(Stored data)
(* For $\mathbf v\in\mathbb{R}^\infty$, let $g_{-\mathbf v}(x)$ be the generating function of $\mathbb{F}^{\rm F}\mathbf v$ and $g_{\mathbf v}(x)$ the generating function of $\mathbb{L}^{\rm F}\mathbf v$, where $\mathbb{F}^{\rm F}=\left(\frac{x}{1-x},\frac{x^2}{1-x}\right)$ and $\mathbb{L}^{\rm F}=\left(\frac{2-x}{1-x},\frac{x^2}{1-x}\right)$. Let $C(x)=\frac{1-\sqrt{1-4x}}{2x}$ and $M(x)=\frac{1-x-\sqrt{(1-x)^2-4x^2}}{2x^2}$. Then, as formal power series: (a) $g_{\mathbf v}(xC(x))=\left(C(x)-\frac{2}{x}\right)g_{-\mathbf v}(1-C(x))$; (b) $g_{\mathbf v}(1-C(x))=\left(2xC(x)^2+xC(x)-4C(x)+\frac{2-x}{x}\right)g_{-\mathbf v}(xC(x))$; (c) $g_{\mathbf v}(xC(x))=\left(\frac{x-2}{x}+\frac{x}{1-x}M\!\left(\frac{x}{1-x}\right)\right)g_{-\mathbf v}\!\left(-\frac{x}{1-x}M\!\left(\frac{x}{1-x}\right)\right)$; (d) $g_{\mathbf v}\!\left(-\frac{x}{1-x}M\!\left(\frac{x}{1-x}\right)\right)=\left((3x-4)C(x)+\frac{2x^2C(x)}{1-x}M\!\left(\frac{x}{1-x}\right)+\frac{2-x}{x}\right)g_{-\mathbf v}(xC(x))$.
   Context: $\mathbb{R}^\infty$ is the space of real column vectors $[v_0,v_1,\ldots]^T$, identified with generating functions $\sum_n v_nx^n$. For formal power series $g(x)$ and $f(x)$ with $f(0)=0$, $(g(x),f(x))$ denotes the infinite lower triangular matrix whose $j$-th column has generating function $g(x)f(x)^j$; it maps a vector with generating function $U(x)$ to the vector with generating function $g(x)U(f(x))$. Note $g_{-\mathbf v}$ has zero constant term, so the products with the factor $1/x$ above are formal power series. *)

theory Defs
  imports "HOL-Computational_Algebra.Computational_Algebra"
begin

definition gf :: "(nat \<Rightarrow> real) \<Rightarrow> real fps" where
  "gf v = Abs_fps v"

definition riordan :: "real fps \<Rightarrow> real fps \<Rightarrow> nat \<Rightarrow> nat \<Rightarrow> real" where
  "riordan g f i j = (g * f ^ j) $ i"

text \<open>Product of an infinite lower triangular matrix with a column vector
  (entries above the diagonal are zero, so the sum is finite).\<close>

definition lt_mat_vec :: "(nat \<Rightarrow> nat \<Rightarrow> real) \<Rightarrow> (nat \<Rightarrow> real) \<Rightarrow> nat \<Rightarrow> real" where
  "lt_mat_vec A v i = (\<Sum>j\<le>i. A i j * v j)"

definition FF :: "nat \<Rightarrow> nat \<Rightarrow> real" where
  "FF = riordan (fps_X / (1 - fps_X)) (fps_X ^ 2 / (1 - fps_X))"

definition LF :: "nat \<Rightarrow> nat \<Rightarrow> real" where
  "LF = riordan ((2 - fps_X) / (1 - fps_X)) (fps_X ^ 2 / (1 - fps_X))"

definition g_minus :: "(nat \<Rightarrow> real) \<Rightarrow> real fps" where
  "g_minus v = gf (lt_mat_vec FF v)"

definition g_plus :: "(nat \<Rightarrow> real) \<Rightarrow> real fps" where
  "g_plus v = gf (lt_mat_vec LF v)"

text \<open>Square root of a power series (with constant term 1: principal branch).\<close>

definition fps_sqrt :: "real fps \<Rightarrow> real fps" where
  "fps_sqrt a = fps_radical (\<lambda>n x. root n x) 2 a"

definition catalanC :: "real fps" where
  "catalanC = (1 - fps_sqrt (1 - 4 * fps_X)) / (2 * fps_X)"

definition motzkinM :: "real fps" where
  "motzkinM = (1 - fps_X - fps_sqrt ((1 - fps_X) ^ 2 - 4 * fps_X ^ 2)) / (2 * fps_X ^ 2)"

end

theory Submission
  imports Defs
begin

text \<open>A Riordan array \<open>(g, f)\<close> maps \<open>U\<close> to \<open>g \<cdot> U(f)\<close>, so \<open>g\<^sub>v(h)\<close> and \<open>g\<^sub>-\<^sub>v(h)\<close> are
  rational functions of \<open>h\<close> times \<open>U(h\<^sup>2/(1 - h))\<close>, where \<open>U\<close> is the generating function of \<open>v\<close>.
  From \<open>C = 1 + xC\<^sup>2\<close> one gets \<open>1/(1 - xC) = C\<close> and \<open>1/C = 1 - xC\<close>, so the two
  substitutions \<open>h = xC\<close> and \<open>h = 1 - C\<close> give the same inner series \<open>x\<^sup>2C\<^sup>3\<close>;
  moreover \<open>-x/(1 - x) \<cdot> M(x/(1 - x)) = 1 - C\<close>, since both sides solve the same
  quadratic. Each of the four identities thereby reduces to an identity between
  rational functions of \<open>x\<close> and \<open>C\<close> modulo \<open>xC\<^sup>2 - C + 1 = 0\<close>, checked in the field
  of Laurent series.\<close>

lemma fps_divide_times_fps_X_power_cancel:
  fixes f :: "'a::field fps"
  assumes "\<And>i. i < k \<Longrightarrow> f $ i = 0" and "c \<noteq> 0"
  shows "f / (fps_const c * fps_X ^ k) * (fps_const c * fps_X ^ k) = f"
proof -
  have "fps_X ^ k dvd f"
  proof (cases "f = 0")
    case False
    then have "k \<le> subdegree f"
      using assms(1) by (auto intro: subdegree_geI)
    with False show ?thesis by (simp add: fps_dvd_iff)
  qed simp
  then have "fps_const c * fps_X ^ k dvd f"
    using assms(2) by (simp add: mult_unit_dvd_iff')
  then show ?thesis by simp
qed

lemma fps_sqrt_power2:
  assumes "a $ 0 = 1"
  shows "fps_sqrt a ^ 2 = a"
  using power_radical[of a "\<lambda>n x. root n x" 1] assms
  by (simp add: fps_sqrt_def numeral_2_eq_2)

lemma fps_sqrt_nth_0: "a $ 0 = 1 \<Longrightarrow> fps_sqrt a $ 0 = 1"
  by (simp add: fps_sqrt_def)

lemma catalanC_equation: "fps_X * catalanC ^ 2 - catalanC + 1 = 0"
proof -
  define S where "S = fps_sqrt (1 - 4 * fps_X)"
  have S2: "S ^ 2 = 1 - 4 * fps_X" and S0: "S $ 0 = 1"
    by (simp_all add: S_def fps_sqrt_power2 fps_sqrt_nth_0)
  have "(1 - S) / (fps_const 2 * fps_X ^ 1) * (fps_const 2 * fps_X ^ 1) = 1 - S"
    by (rule fps_divide_times_fps_X_power_cancel) (simp_all add: S0)
  moreover have "catalanC = (1 - S) / (fps_const 2 * fps_X ^ 1)"
    by (simp add: catalanC_def S_def numeral_fps_const)
  ultimately have "2 * fps_X * catalanC = 1 - S"
    by (simp add: numeral_fps_const mult.commute)
  then have "(1 - 2 * fps_X * catalanC) ^ 2 = 1 - 4 * fps_X"
    by (simp add: S2)
  then have "4 * fps_X * (fps_X * catalanC ^ 2 - catalanC + 1) = 0"
    by (simp add: algebra_simps power2_eq_square)
  then show ?thesis by simp
qed

lemma catalanC_nth_0: "catalanC $ 0 = 1"
  using arg_cong[OF catalanC_equation, of "\<lambda>f. f $ 0"] by simp

lemma motzkinM_equation: "motzkinM = 1 + fps_X * motzkinM + fps_X ^ 2 * motzkinM ^ 2"
proof -
  define T where "T = fps_sqrt ((1 - fps_X) ^ 2 - 4 * fps_X ^ 2)"
  have T2: "T ^ 2 = (1 - fps_X) ^ 2 - 4 * fps_X ^ 2"
    unfolding T_def by (rule fps_sqrt_power2) (simp add: power2_eq_square)
  have T0: "T $ 0 = 1"
    unfolding T_def by (rule fps_sqrt_nth_0) (simp add: power2_eq_square)
  have "2 * T $ 1 = -2"
    using arg_cong[OF T2, of "\<lambda>f. f $ 1"] T0
    by (simp add: power2_eq_square fps_mult_nth algebra_simps)
  then have T1: "T $ 1 = -1" by simp
  have "(1 - fps_X - T) / (fps_const 2 * fps_X ^ 2) * (fps_const 2 * fps_X ^ 2) = 1 - fps_X - T"
    by (rule fps_divide_times_fps_X_power_cancel)
      (auto simp: T0 T1[unfolded One_nat_def] less_2_cases_iff)
  moreover have "motzkinM = (1 - fps_X - T) / (fps_const 2 * fps_X ^ 2)"
    by (simp add: motzkinM_def T_def numeral_fps_const)
  ultimately have "2 * fps_X ^ 2 * motzkinM = 1 - fps_X - T"
    by (simp add: numeral_fps_const mult.commute)
  then have "(1 - fps_X - 2 * fps_X ^ 2 * motzkinM) ^ 2 = (1 - fps_X) ^ 2 - 4 * fps_X ^ 2"
    by (simp add: T2)
  then have "4 * fps_X ^ 2 * (motzkinM - 1 - fps_X * motzkinM - fps_X ^ 2 * motzkinM ^ 2) = 0"
    by (simp add: algebra_simps power2_eq_square)
  then have "motzkinM - 1 - fps_X * motzkinM - fps_X ^ 2 * motzkinM ^ 2 = 0"
    by simp
  then show ?thesis by algebra
qed

lemma gf_lt_mat_vec_riordan:
  assumes "f $ 0 = 0"
  shows "gf (lt_mat_vec (riordan g f) v) = g * (gf v oo f)"
proof (rule fps_ext)
  fix i
  have f_power_nth: "(f ^ j) $ m = 0" if "m < j" for j m
    using startsby_zero_power_prefix[OF assms] that by blast
  have "gf (lt_mat_vec (riordan g f) v) $ i = (\<Sum>j\<le>i. (\<Sum>k=0..i. g$k * (f^j) $ (i-k)) * v j)"
    by (simp add: gf_def lt_mat_vec_def riordan_def fps_mult_nth)
  also have "\<dots> = (\<Sum>k=0..i. g$k * (\<Sum>j\<le>i. v j * (f^j) $ (i-k)))"
    by (simp add: sum_distrib_left sum_distrib_right mult_ac) (rule sum.swap)
  also have "\<dots> = (\<Sum>k=0..i. g$k * (\<Sum>j=0..i-k. v j * (f^j) $ (i-k)))"
    by (intro sum.cong refl arg_cong[where f = "(*) _"] sum.mono_neutral_right)
      (auto simp: f_power_nth)
  also have "\<dots> = (g * (gf v oo f)) $ i"
    by (simp add: fps_mult_nth fps_compose_nth gf_def)
  finally show "gf (lt_mat_vec (riordan g f) v) $ i = (g * (gf v oo f)) $ i" .
qed

lemma gf_lt_mat_vec_riordan_compose:
  fixes g f h :: "real fps"
  assumes "f $ 0 = 0" and "h $ 0 = 0"
  shows "gf (lt_mat_vec (riordan g f) v) oo h = (g oo h) * (gf v oo (f oo h))"
  using assms by (simp add: gf_lt_mat_vec_riordan fps_compose_mult_distrib fps_compose_assoc)

lemma fps_compose_divide_one_minus_X:
  fixes a h :: "'a::field fps"
  assumes "h $ 0 = 0"
  shows "(a / (1 - fps_X)) oo h = (a oo h) / (1 - h)"
  using assms by (simp add: fps_divide_unit fps_compose_mult_distrib fps_inverse_compose
      fps_compose_sub_distrib)

lemma g_minus_compose:
  assumes "h $ 0 = 0"
  shows "g_minus v oo h = h / (1 - h) * (gf v oo (h ^ 2 / (1 - h)))"
  using assms unfolding g_minus_def FF_def
  by (simp add: gf_lt_mat_vec_riordan_compose fps_compose_divide_one_minus_X
      flip: fps_compose_power)

lemma g_plus_compose:
  assumes "h $ 0 = 0"
  shows "g_plus v oo h = (2 - h) / (1 - h) * (gf v oo (h ^ 2 / (1 - h)))"
  using assms unfolding g_plus_def LF_def
  by (simp add: gf_lt_mat_vec_riordan_compose fps_compose_divide_one_minus_X
      fps_compose_sub_distrib numeral_fps_const flip: fps_compose_power)

lemma inverse_one_minus_X_catalanC: "inverse (1 - fps_X * catalanC) = catalanC"
  by (rule fps_inverse_unique) (use catalanC_equation in algebra)

lemma motzkinM_compose_catalanC:
  "fps_X / (1 - fps_X) * (motzkinM oo (fps_X / (1 - fps_X))) = catalanC - 1"
proof -
  \<comment> \<open>\<open>E\<close> and \<open>F\<close> both solve \<open>X Z\<^sup>2 + (2X - 1) Z + X = 0\<close>; the cofactor of \<open>E - F\<close> is a unit.\<close>
  define y :: "real fps" where "y = fps_X / (1 - fps_X)"
  define E where "E = y * (motzkinM oo y)"
  define F where "F = catalanC - 1"
  have y0: "y $ 0 = 0" by (simp add: y_def)
  have "motzkinM oo y = 1 + y * (motzkinM oo y) + y ^ 2 * (motzkinM oo y) ^ 2"
    using y0 by (subst motzkinM_equation) (simp add: fps_compose_add_distrib
        fps_compose_mult_distrib flip: fps_compose_power)
  moreover have "y * (1 - fps_X) = fps_X"
    by (simp add: y_def fps_divide_unit mult.assoc inverse_mult_eq_1)
  ultimately have "(E - F) * (fps_X * (E + F) + 2 * fps_X - 1) = 0"
    using catalanC_equation unfolding E_def F_def by algebra
  moreover have "fps_X * (E + F) + 2 * fps_X - 1 \<noteq> 0"
    by (auto dest: arg_cong[where f = "\<lambda>f. f $ 0"])
  ultimately show ?thesis by (simp add: E_def F_def y_def)
qed

lemma g_compose_catalanC:
  fixes v :: "nat \<Rightarrow> real"
  defines "P \<equiv> gf v oo (fps_X ^ 2 * catalanC ^ 3)"
  shows "g_plus v oo (fps_X * catalanC) = (2 - fps_X * catalanC) * catalanC * P"
    and "g_minus v oo (fps_X * catalanC) = fps_X * catalanC ^ 2 * P"
    and "g_plus v oo (1 - catalanC) = (1 + catalanC) * (1 - fps_X * catalanC) * P"
    and "g_minus v oo (1 - catalanC) = (1 - catalanC) * (1 - fps_X * catalanC) * P"
proof -
  have div_XC: "a / (1 - fps_X * catalanC) = a * catalanC" for a
    by (simp add: fps_divide_unit inverse_one_minus_X_catalanC)
  have div_C: "a / catalanC = a * (1 - fps_X * catalanC)" for a
    using fps_inverse_idempotent[of "1 - fps_X * catalanC"]
    by (simp add: fps_divide_unit catalanC_nth_0 inverse_one_minus_X_catalanC)
  have XC_sq: "(fps_X * catalanC) ^ 2 / (1 - fps_X * catalanC) = fps_X ^ 2 * catalanC ^ 3"
    unfolding div_XC by algebra
  have one_minus_C_sq: "(1 - catalanC) ^ 2 / (1 - (1 - catalanC)) = fps_X ^ 2 * catalanC ^ 3"
    using catalanC_equation by (simp add: div_C) algebra
  have XC_0: "(fps_X * catalanC) $ 0 = 0" and one_minus_C_0: "(1 - catalanC) $ 0 = 0"
    by (simp_all add: catalanC_nth_0)
  show "g_plus v oo (fps_X * catalanC) = (2 - fps_X * catalanC) * catalanC * P"
    unfolding g_plus_compose[OF XC_0] XC_sq by (simp add: div_XC P_def)
  show "g_minus v oo (fps_X * catalanC) = fps_X * catalanC ^ 2 * P"
    unfolding g_minus_compose[OF XC_0] XC_sq by (simp add: div_XC P_def power2_eq_square)
  show "g_plus v oo (1 - catalanC) = (1 + catalanC) * (1 - fps_X * catalanC) * P"
    unfolding g_plus_compose[OF one_minus_C_0] one_minus_C_sq P_def by (simp add: div_C)
  show "g_minus v oo (1 - catalanC) = (1 - catalanC) * (1 - fps_X * catalanC) * P"
    unfolding g_minus_compose[OF one_minus_C_0] one_minus_C_sq P_def by (simp add: div_C)
qed

lemma catalan_field_identities:
  fixes x c n p :: "'a::field"
  assumes "x \<noteq> 0" and "x * c ^ 2 - c + 1 = 0" and "x / (1 - x) * n = c - 1"
  shows "(2 - x * c) * c * p = (c - 2 / x) * ((1 - c) * (1 - x * c) * p)"
    and "(1 + c) * (1 - x * c) * p = (2 * x * c ^ 2 + x * c - 4 * c + (2 - x) / x) * (x * c ^ 2 * p)"
    and "(2 - x * c) * c * p = ((x - 2) / x + x / (1 - x) * n) * ((1 - c) * (1 - x * c) * p)"
    and "(1 + c) * (1 - x * c) * p =
      ((3 * x - 4) * c + 2 * x ^ 2 * c / (1 - x) * n + (2 - x) / x) * (x * c ^ 2 * p)"
  using right_inverse[OF assms(1)] assms(2,3) unfolding divide_inverse by algebra+

theorem corollary4p4:
  fixes v :: "nat \<Rightarrow> real"
  shows
  "(fps_to_fls (g_plus v oo (fps_X * catalanC)) =
     (fps_to_fls catalanC - 2 / fls_X) * fps_to_fls (g_minus v oo (1 - catalanC)))
   \<and> (fps_to_fls (g_plus v oo (1 - catalanC)) =
     (2 * fls_X * fps_to_fls catalanC ^ 2 + fls_X * fps_to_fls catalanC
        - 4 * fps_to_fls catalanC + (2 - fls_X) / fls_X)
     * fps_to_fls (g_minus v oo (fps_X * catalanC)))
   \<and> (fps_to_fls (g_plus v oo (fps_X * catalanC)) =
     ((fls_X - 2) / fls_X
        + fls_X / (1 - fls_X) * fps_to_fls (motzkinM oo (fps_X / (1 - fps_X))))
     * fps_to_fls (g_minus v oo
         (- (fps_X / (1 - fps_X) * (motzkinM oo (fps_X / (1 - fps_X)))))))
   \<and> (fps_to_fls (g_plus v oo
       (- (fps_X / (1 - fps_X) * (motzkinM oo (fps_X / (1 - fps_X)))))) =
     ((3 * fls_X - 4) * fps_to_fls catalanC
        + 2 * fls_X ^ 2 * fps_to_fls catalanC / (1 - fls_X)
            * fps_to_fls (motzkinM oo (fps_X / (1 - fps_X)))
        + (2 - fls_X) / fls_X)
     * fps_to_fls (g_minus v oo (fps_X * catalanC)))"
proof -
  let ?N = "motzkinM oo (fps_X / (1 - fps_X))"
  have neg_N: "- (fps_X / (1 - fps_X) * ?N) = 1 - catalanC"
    using motzkinM_compose_catalanC by simp
  have catalan_fls: "fls_X * fps_to_fls catalanC ^ 2 - fps_to_fls catalanC + 1 = 0"
    using arg_cong[OF catalanC_equation, of fps_to_fls]
    by (simp add: fls_times_fps_to_fls fps_to_fls_power)
  have motzkin_fls: "fls_X / (1 - fls_X) * fps_to_fls ?N = fps_to_fls catalanC - 1"
    using arg_cong[OF motzkinM_compose_catalanC, of fps_to_fls]
    by (simp add: fls_times_fps_to_fls flip: fls_divide_fps_to_fls)
  show ?thesis
    unfolding neg_N g_compose_catalanC
    by (simp only: fls_times_fps_to_fls fps_to_fls_power fps_to_fls_plus fps_to_fls_minus
        fps_to_fls_numeral fps_X_to_fls fps_one_to_fls)
      (intro conjI catalan_field_identities[OF fls_X_nonzero catalan_fls motzkin_fls])
qed

end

§ Exercise details
The lines to copy are those in the records above containing the word "thesis".

§ Worked solution
    with False show ?thesis by (simp add: fps_dvd_iff)
  then show ?thesis by simp
  then show ?thesis by simp
  then show ?thesis by algebra
  ultimately show ?thesis by (simp add: E_def F_def y_def)
  show ?thesis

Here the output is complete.